Conservatives will create 25,000 new training places and jobs in West Yorkshire
On the day that official statistics reveal that UK has been in recession for six months longer than France, Germany and Japan, the Conservatives are setting out plans to get Britain working by creating 25,000 new training places or jobs in West Yorkshire, opening up new opportunities for people across the region.
We will create:
10,000 new apprenticeships in West Yorkshire
5,000 extra training places in West Yorkshire
4,000 new work pairings in West Yorkshire
2,000 new jobs in start-up businesses in West Yorkshire by abolishing the national insurance they pay on new employees.
1,500 new young apprenticeships in West Yorkshire
1,500 new opportunities for self-employment in West Yorkshire
450 new university places in West Yorkshire
These new jobs and training places will be funded by refocusing the Government’s employment and training programmes, including Train to Gain and the various New Deals, and reducing the benefits of Incapacity Benefit claimants found to be fit to work.
Our Approach
A Conservative government will launch a national Work Programme which:
Simplifies Labour’s numerous and piecemeal programmes into one single back-to-work programme for everyone who is unemployed.
- Includes the 2.6 million people claiming Incapacity Benefits currently excluded by Labour’s plans.
- Pays welfare-to-work providers according to whether they get jobseekers into sustainable employment of a year or more.
Recession Support. To provide extra opportunities to those looking for work, we have also announced:
Youth Action for Work – 100,000 additional apprenticeships and training places, 50,000 additional training places at FE colleges, and 50,000 work pairing places each year for two years.
- Work for Yourself – offering business mentors and loans to support self-employment and franchising as a route back into work.
- Work Together – a programme to connect people to volunteering opportunities in their area.
- Work Clubs – places where people can receive mentoring, skills training and help to find local job opportunities.
- 10,000 additional university places next year.
- New technical schools in England’s largest cities, as part of our plans for radical school reform.
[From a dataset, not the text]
(* Consider the model described in the context, and let $\lambda_s\in\mathbb{R}$ and $(\underline{\boldsymbol\mu}_s,\bar{\boldsymbol\mu}_s)\in\mathbb{R}_+^{L}\times\mathbb{R}_+^{L}$, $s\in S$, be any Lagrange multipliers associated with the supply-demand balance constraints and the line flow constraints, respectively, in $SYSTEM$. Let $\boldsymbol\delta\in\mathbb{R}^N$ be the constant appearing in $ED(\mathbf{d}_1)$. (a) If for each $n\in N$ $$\delta_n=\sum_{s\in S}p_s\big(\pi_n(\lambda_s,\underline{\boldsymbol\mu}_s,\bar{\boldsymbol\mu}_s)-\pi_n(\lambda_1,\underline{\boldsymbol\mu}_1,\bar{\boldsymbol\mu}_1)\big),\qquad(\ast)$$ then $SYSTEM$ can be optimally decomposed into $ED$-$FR$. (b) If $SYSTEM$ can be optimally decomposed into $ED$-$FR$, then, letting $(\mathbf{q}^b,\mathbf{q}^p,\mathbf{r}^p)$ be an optimal solution of $SYSTEM$ and $q^p_{1,n}:=q^p_n+r^p_{1,n}=q^p_n$, the identity $(\ast)$ holds for every $n\in N$ such that $\underline{q}_n^b<q_n^b<\bar{q}_n^b$ and $\underline{q}_n^p<q_{1,n}^p<\bar{q}_n^p$.
   Context: Network: a connected directed graph with finite node set $N$ (also writing $N$ for its cardinality) and link set $L$; $\mathbf{C}\in\mathbb{R}^{N\times L}$ is its incidence matrix, $\mathbf{B}=\mathrm{diag}(B_l,l\in L)$ with $B_l>0$, $\mathbf{L}=\mathbf{C}\mathbf{B}\mathbf{C}^\top$, $\mathbf{H}=\mathbf{B}\mathbf{C}^\top\mathbf{L}^\dagger$ ($\dagger$ = Moore–Penrose pseudo-inverse), and $\mathbf{f}\in\mathbb{R}^L$ are line capacities. $\mathbf{1}$ is the all-ones vector in $\mathbb{R}^N$. Time/uncertainty: there are $K$ periods $1,\dots,K$ and a finite set $S$ of demand outcomes (a scenario tree); each $s\in S$ has a period $\kappa(s)\in\{1,\dots,K\}$, a probability $p_s$ conditioned on the period, with $\sum_{\{s:\kappa(s)=k\}}p_s=1$ for each $k$, and a demand vector $\mathbf{d}_s\in\mathbb{R}^N$. There is an outcome labeled $1\in S$ with $\kappa(1)=1$ and $p_1=1$. Generators: each node $n$ has a dispatch generator producing $q_n^b$ in all outcomes, with capacity $[\underline{q}_n^b,\bar{q}_n^b]$ and cost $c_n^b:[\underline{q}_n^b,\bar{q}_n^b]\to\mathbb{R}_+$, and a regulation generator producing $q_n^p+r_{s,n}^p$ in outcome $s$ (with $r^p_{1,n}:=0$), with capacity $[\underline{q}_n^p,\bar{q}_n^p]$ and cost $c_n^p:[\underline{q}_n^p,\bar{q}_n^p]\to\mathbb{R}_+$; all cost functions are strictly convex and continuously differentiable. Vectors: $\mathbf{q}^b=(q^b_n)$, $\mathbf{q}^p=(q^p_n)$, $\mathbf{r}^p_s=(r^p_{s,n})$, $\mathbf{r}^p=(\mathbf{r}^p_s,s\in S)$, and similarly for the bounds. Feasible set: $\Omega(\mathbf{d}_s)$ is the set of $(\mathbf{q}^b,\mathbf{q}^p,\mathbf{r}^p_s)$ with $\underline{\mathbf{q}}^b\le\mathbf{q}^b\le\bar{\mathbf{q}}^b$, $\underline{\mathbf{q}}^p\le\mathbf{q}^p+\mathbf{r}^p_s\le\bar{\mathbf{q}}^p$, $\mathbf{1}^\top(\mathbf{q}^b+\mathbf{q}^p+\mathbf{r}^p_s-\mathbf{d}_s)=0$ (balance constraint), and $-\mathbf{f}\le\mathbf{H}(\mathbf{q}^b+\mathbf{q}^p+\mathbf{r}^p_s-\mathbf{d}_s)\le\mathbf{f}$ (line flow constraint). $SYSTEM$: minimize $\sum_{s\in S}p_s\sum_{n\in N}\big(c_n^b(q_n^b)+c_n^p(q_n^p+r^p_{s,n})\big)$ over $(\mathbf{q}^b,\mathbf{q}^p,\mathbf{r}^p)$ subject to $(\mathbf{q}^b,\mathbf{q}^p,\mathbf{r}^p_s)\in\Omega(\mathbf{d}_s)$ for all $s\in S$ and $\mathbf{r}^p_1=\mathbf{0}$; this problem is assumed feasible. Lagrange multipliers are with respect to the Lagrangian in which the constraints of outcome $s$ are weighted by $p_s$: the balance constraint enters as $-p_s\lambda_s\mathbf{1}^\top(\mathbf{q}^b+\mathbf{q}^p+\mathbf{r}^p_s-\mathbf{d}_s)$ and the line constraints as $p_s\underline{\boldsymbol\mu}_s^\top(-\mathbf{f}-\mathbf{H}(\cdot))+p_s\bar{\boldsymbol\mu}_s^\top(\mathbf{H}(\cdot)-\mathbf{f})$ with $\underline{\boldsymbol\mu}_s,\bar{\boldsymbol\mu}_s\ge0$ (regulation capacity constraints likewise weighted by $p_s$). Nodal prices: $\boldsymbol\pi(\lambda,\underline{\boldsymbol\mu},\bar{\boldsymbol\mu}):=\lambda\mathbf{1}+\mathbf{H}^\top(\underline{\boldsymbol\mu}-\bar{\boldsymbol\mu})\in\mathbb{R}^N$, with components $\pi_n$. Sub-problems: for a constant $\boldsymbol\delta\in\mathbb{R}^N$, $ED(\mathbf{d}_1)$: minimize $\sum_{n}\big(Kc_n^b(q_n^b)+Kc_n^p(q_n^p)-\delta_nq_n^b\big)$ over $(\mathbf{q}^b,\mathbf{q}^p)$ subject to $(\mathbf{q}^b,\mathbf{q}^p,\mathbf{0})\in\Omega(\mathbf{d}_1)$. $FR(\mathbf{q}^b,\mathbf{q}^p,\mathbf{d}_s)$: minimize $\sum_n c_n^p(q_n^p+r^p_{s,n})$ over $\mathbf{r}^p_s$ subject to $(\mathbf{q}^b,\mathbf{q}^p,\mathbf{r}^p_s)\in\Omega(\mathbf{d}_s)$. Definition: $SYSTEM$ can be optimally decomposed into $ED$-$FR$ if $(\mathbf{q}^b,\mathbf{q}^p,\mathbf{r}^p)$ is an optimal solution of $SYSTEM$ if and only if $\mathbf{r}^p_1=\mathbf{0}$, $(\mathbf{q}^b,\mathbf{q}^p)$ is an optimal solution of $ED(\mathbf{d}_1)$, and $\mathbf{r}^p_s$ is an optimal solution of $FR(\mathbf{q}^b,\mathbf{q}^p,\mathbf{d}_s)$ for all $s\in S$. *)

theory Defs
  imports "HOL-Analysis.Analysis"
begin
Abolishing tax on new jobs. As part of our plan to Get Britain Working, we will abolish tax on the jobs created by new businesses in the first two years of a Conservative Government. Any new business started in the first two years of a Conservative Government will pay no Employer National Insurance on the first ten employees it hires during its first year.
The tax break will encourage new entrepreneurs and is predicted to generate around 60,000 additional jobs over two years. Clear and simple rules will ensure that the jobs created are genuinely new.
West Yorkshire’s Jobs Crisis under Labour
- Unemployment doubled. There are 68,275 people claiming Jobseeker’s Allowance in West Yorkshire, this has risen by 92 per cent since the start of the recession.
- Unemployment higher than 1997. The number of people claiming Jobseeker’s Allowance is almost 10,000 higher than in 1997 when Labour came to power, up by 16 per cent.
- Youth Unemployment. There are 21,110 young people aged 18-24 claiming JSA in West Yorkshire, up by 87 per cent since the start of the recession. Youth unemployment is 35 per cent higher than in 1997.
- Long-term Unemployment. One in ten people claiming JSA have been on benefits for over a year.
- 7 people chasing every job. There are 7 people on JSA in for every vacancy advertised at Jobcentre Plus in West Yorkshire compared to 2 people per vacancy at the start of the recession.
- Almost 200,000 have no qualifications. 190,600 people in West Yorkshire have no qualifications.
- 100,000 on Incapacity Benefits. There are 99,700 people claiming Incapacity Benefits or the new Employment and Support Allowance in West Yorkshire.
- Economic Inactivity. 305,200 people in West Yorkshire are economically inactive, 83,600 would like to work but don’t appear in the unemployment figures.